┌────────

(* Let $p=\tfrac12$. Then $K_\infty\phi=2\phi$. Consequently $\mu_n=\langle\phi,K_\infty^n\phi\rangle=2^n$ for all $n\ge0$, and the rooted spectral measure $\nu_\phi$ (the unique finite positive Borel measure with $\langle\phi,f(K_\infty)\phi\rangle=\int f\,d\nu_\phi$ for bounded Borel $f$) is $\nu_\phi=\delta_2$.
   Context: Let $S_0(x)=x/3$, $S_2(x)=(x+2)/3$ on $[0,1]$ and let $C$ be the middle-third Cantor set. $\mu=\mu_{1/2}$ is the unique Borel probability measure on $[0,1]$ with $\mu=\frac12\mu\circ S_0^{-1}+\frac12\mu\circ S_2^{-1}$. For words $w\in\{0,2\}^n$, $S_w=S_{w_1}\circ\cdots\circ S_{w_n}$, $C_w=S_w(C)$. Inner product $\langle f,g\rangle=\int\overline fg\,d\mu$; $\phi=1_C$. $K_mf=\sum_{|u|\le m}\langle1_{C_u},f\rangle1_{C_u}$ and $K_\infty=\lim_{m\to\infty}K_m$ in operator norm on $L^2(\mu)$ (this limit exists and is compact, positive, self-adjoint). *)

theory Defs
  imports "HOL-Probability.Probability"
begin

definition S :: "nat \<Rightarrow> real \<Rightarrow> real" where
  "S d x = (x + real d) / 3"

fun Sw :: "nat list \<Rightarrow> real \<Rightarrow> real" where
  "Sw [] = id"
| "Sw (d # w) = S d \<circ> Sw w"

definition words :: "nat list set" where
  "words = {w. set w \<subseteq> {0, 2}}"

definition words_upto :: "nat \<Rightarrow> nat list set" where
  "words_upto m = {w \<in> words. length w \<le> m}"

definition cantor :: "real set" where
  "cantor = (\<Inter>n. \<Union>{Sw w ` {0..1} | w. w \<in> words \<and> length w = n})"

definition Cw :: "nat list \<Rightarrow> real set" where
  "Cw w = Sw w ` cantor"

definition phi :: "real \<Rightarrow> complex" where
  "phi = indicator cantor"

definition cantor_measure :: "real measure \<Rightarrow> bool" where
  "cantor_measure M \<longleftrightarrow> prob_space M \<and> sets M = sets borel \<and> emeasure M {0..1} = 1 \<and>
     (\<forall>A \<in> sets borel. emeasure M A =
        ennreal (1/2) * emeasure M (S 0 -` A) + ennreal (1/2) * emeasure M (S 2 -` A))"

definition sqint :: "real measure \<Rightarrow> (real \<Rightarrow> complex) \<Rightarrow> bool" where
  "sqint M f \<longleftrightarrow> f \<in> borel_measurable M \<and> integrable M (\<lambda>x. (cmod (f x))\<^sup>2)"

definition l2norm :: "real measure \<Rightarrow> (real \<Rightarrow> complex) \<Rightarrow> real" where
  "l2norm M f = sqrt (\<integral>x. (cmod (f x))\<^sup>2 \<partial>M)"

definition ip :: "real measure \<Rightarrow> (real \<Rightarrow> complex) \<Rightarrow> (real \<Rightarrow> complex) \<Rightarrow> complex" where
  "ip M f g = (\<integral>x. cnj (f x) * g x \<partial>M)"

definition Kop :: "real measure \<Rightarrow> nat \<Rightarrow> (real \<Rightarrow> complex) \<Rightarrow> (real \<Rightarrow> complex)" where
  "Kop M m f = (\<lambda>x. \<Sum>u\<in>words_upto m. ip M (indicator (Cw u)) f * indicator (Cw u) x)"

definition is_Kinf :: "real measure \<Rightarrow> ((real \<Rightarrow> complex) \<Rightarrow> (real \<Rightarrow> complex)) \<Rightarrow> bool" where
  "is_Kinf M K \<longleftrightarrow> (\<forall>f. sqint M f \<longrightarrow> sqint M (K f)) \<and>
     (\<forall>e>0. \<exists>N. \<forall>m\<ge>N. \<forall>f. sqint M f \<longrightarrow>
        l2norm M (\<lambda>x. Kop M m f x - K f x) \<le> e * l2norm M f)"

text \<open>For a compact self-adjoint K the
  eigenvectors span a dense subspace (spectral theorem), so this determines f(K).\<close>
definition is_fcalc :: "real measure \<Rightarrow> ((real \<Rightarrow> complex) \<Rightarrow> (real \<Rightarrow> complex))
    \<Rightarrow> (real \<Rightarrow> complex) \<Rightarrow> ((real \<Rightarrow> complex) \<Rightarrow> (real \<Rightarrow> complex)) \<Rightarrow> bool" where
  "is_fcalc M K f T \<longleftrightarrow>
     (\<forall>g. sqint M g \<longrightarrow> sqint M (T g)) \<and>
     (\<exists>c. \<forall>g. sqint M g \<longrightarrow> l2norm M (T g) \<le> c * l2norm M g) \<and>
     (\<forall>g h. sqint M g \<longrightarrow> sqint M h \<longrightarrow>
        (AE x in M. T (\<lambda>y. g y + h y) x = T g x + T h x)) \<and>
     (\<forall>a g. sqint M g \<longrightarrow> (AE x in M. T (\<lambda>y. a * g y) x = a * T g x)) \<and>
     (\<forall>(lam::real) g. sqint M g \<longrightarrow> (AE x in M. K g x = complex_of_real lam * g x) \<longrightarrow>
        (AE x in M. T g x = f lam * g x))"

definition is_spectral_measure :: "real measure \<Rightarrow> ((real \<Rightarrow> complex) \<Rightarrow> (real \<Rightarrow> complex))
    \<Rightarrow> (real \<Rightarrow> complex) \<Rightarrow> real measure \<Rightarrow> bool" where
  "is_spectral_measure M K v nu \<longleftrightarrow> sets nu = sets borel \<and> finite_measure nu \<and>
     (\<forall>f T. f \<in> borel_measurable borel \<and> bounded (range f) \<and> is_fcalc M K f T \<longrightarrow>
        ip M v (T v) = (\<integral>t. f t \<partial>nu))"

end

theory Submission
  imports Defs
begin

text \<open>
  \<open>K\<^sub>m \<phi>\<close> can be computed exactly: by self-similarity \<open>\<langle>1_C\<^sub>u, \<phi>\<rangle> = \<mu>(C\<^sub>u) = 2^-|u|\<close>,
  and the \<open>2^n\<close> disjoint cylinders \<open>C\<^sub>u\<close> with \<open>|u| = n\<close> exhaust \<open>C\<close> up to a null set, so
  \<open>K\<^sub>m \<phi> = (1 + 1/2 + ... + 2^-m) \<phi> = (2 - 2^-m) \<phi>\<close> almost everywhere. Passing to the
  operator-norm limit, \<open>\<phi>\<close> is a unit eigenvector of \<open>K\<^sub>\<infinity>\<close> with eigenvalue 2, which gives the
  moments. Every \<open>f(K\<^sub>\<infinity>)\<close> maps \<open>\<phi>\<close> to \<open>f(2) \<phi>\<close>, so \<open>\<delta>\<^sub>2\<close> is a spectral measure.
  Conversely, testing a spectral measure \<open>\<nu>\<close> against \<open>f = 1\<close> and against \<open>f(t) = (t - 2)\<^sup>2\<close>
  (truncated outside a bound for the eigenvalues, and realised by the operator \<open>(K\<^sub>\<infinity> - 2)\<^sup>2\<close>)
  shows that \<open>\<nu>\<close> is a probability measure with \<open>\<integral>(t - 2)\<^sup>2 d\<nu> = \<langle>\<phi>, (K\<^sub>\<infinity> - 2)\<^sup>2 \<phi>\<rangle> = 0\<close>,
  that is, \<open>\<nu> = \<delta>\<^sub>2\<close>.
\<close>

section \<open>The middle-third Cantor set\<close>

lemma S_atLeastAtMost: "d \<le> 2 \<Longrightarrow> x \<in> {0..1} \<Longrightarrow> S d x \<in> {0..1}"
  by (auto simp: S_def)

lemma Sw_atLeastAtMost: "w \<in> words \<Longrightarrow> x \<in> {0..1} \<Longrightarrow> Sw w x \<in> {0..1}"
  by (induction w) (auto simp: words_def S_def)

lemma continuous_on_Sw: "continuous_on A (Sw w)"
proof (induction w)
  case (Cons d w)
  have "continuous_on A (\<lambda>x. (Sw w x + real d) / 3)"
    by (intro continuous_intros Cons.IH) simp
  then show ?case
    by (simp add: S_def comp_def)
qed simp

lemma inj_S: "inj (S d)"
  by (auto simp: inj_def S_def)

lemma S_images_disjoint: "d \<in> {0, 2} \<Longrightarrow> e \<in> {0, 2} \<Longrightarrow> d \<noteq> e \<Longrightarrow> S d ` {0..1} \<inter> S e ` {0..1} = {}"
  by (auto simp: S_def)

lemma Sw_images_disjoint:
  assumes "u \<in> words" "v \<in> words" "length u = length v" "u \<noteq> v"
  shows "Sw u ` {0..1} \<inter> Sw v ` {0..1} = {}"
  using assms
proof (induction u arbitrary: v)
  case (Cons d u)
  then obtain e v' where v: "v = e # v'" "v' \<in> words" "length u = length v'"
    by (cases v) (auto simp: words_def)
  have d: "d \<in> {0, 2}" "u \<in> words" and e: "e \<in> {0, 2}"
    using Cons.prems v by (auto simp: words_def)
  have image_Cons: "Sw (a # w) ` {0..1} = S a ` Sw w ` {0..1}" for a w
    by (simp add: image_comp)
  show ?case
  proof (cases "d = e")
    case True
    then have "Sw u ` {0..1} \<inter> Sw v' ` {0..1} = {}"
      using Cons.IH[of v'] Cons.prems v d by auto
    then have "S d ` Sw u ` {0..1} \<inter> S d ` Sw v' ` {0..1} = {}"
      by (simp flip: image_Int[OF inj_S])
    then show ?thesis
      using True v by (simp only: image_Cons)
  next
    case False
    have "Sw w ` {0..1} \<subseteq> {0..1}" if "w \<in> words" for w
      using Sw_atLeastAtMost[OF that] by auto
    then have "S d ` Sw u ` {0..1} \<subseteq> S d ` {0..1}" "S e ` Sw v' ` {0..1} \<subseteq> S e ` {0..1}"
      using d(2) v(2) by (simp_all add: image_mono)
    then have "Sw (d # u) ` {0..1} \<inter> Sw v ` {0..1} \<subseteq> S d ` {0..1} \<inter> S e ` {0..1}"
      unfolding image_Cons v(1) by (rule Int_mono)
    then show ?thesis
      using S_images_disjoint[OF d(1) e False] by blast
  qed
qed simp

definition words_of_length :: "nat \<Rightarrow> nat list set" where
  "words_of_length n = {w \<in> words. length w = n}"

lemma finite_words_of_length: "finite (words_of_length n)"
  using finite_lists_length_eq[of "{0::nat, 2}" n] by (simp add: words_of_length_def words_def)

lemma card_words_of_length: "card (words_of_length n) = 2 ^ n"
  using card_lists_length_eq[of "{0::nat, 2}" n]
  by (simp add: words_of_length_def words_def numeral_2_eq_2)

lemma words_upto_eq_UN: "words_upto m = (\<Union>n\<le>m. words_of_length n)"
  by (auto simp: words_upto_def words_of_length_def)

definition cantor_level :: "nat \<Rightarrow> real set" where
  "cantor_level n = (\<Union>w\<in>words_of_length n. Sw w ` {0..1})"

└────────

* TASK STATEMENT: Please transcribe the data exactly from its first line. End with the line that contains "ennreal (1/2) * emeasure M (S 0".

* ANSWER SPACE:
(* Let $p=\tfrac12$. Then $K_\infty\phi=2\phi$. Consequently $\mu_n=\langle\phi,K_\infty^n\phi\rangle=2^n$ for all $n\ge0$, and the rooted spectral measure $\nu_\phi$ (the unique finite positive Borel measure with $\langle\phi,f(K_\infty)\phi\rangle=\int f\,d\nu_\phi$ for bounded Borel $f$) is $\nu_\phi=\delta_2$.
   Context: Let $S_0(x)=x/3$, $S_2(x)=(x+2)/3$ on $[0,1]$ and let $C$ be the middle-third Cantor set. $\mu=\mu_{1/2}$ is the unique Borel probability measure on $[0,1]$ with $\mu=\frac12\mu\circ S_0^{-1}+\frac12\mu\circ S_2^{-1}$. For words $w\in\{0,2\}^n$, $S_w=S_{w_1}\circ\cdots\circ S_{w_n}$, $C_w=S_w(C)$. Inner product $\langle f,g\rangle=\int\overline fg\,d\mu$; $\phi=1_C$. $K_mf=\sum_{|u|\le m}\langle1_{C_u},f\rangle1_{C_u}$ and $K_\infty=\lim_{m\to\infty}K_m$ in operator norm on $L^2(\mu)$ (this limit exists and is compact, positive, self-adjoint). *)

theory Defs
  imports "HOL-Probability.Probability"
begin

definition S :: "nat \<Rightarrow> real \<Rightarrow> real" where
  "S d x = (x + real d) / 3"

fun Sw :: "nat list \<Rightarrow> real \<Rightarrow> real" where
  "Sw [] = id"
| "Sw (d # w) = S d \<circ> Sw w"

definition words :: "nat list set" where
  "words = {w. set w \<subseteq> {0, 2}}"

definition words_upto :: "nat \<Rightarrow> nat list set" where
  "words_upto m = {w \<in> words. length w \<le> m}"

definition cantor :: "real set" where
  "cantor = (\<Inter>n. \<Union>{Sw w ` {0..1} | w. w \<in> words \<and> length w = n})"

definition Cw :: "nat list \<Rightarrow> real set" where
  "Cw w = Sw w ` cantor"

definition phi :: "real \<Rightarrow> complex" where
  "phi = indicator cantor"

definition cantor_measure :: "real measure \<Rightarrow> bool" where
  "cantor_measure M \<longleftrightarrow> prob_space M \<and> sets M = sets borel \<and> emeasure M {0..1} = 1 \<and>
     (\<forall>A \<in> sets borel. emeasure M A =
        ennreal (1/2) * emeasure M (S 0 -` A) + ennreal (1/2) * emeasure M (S 2 -` A))"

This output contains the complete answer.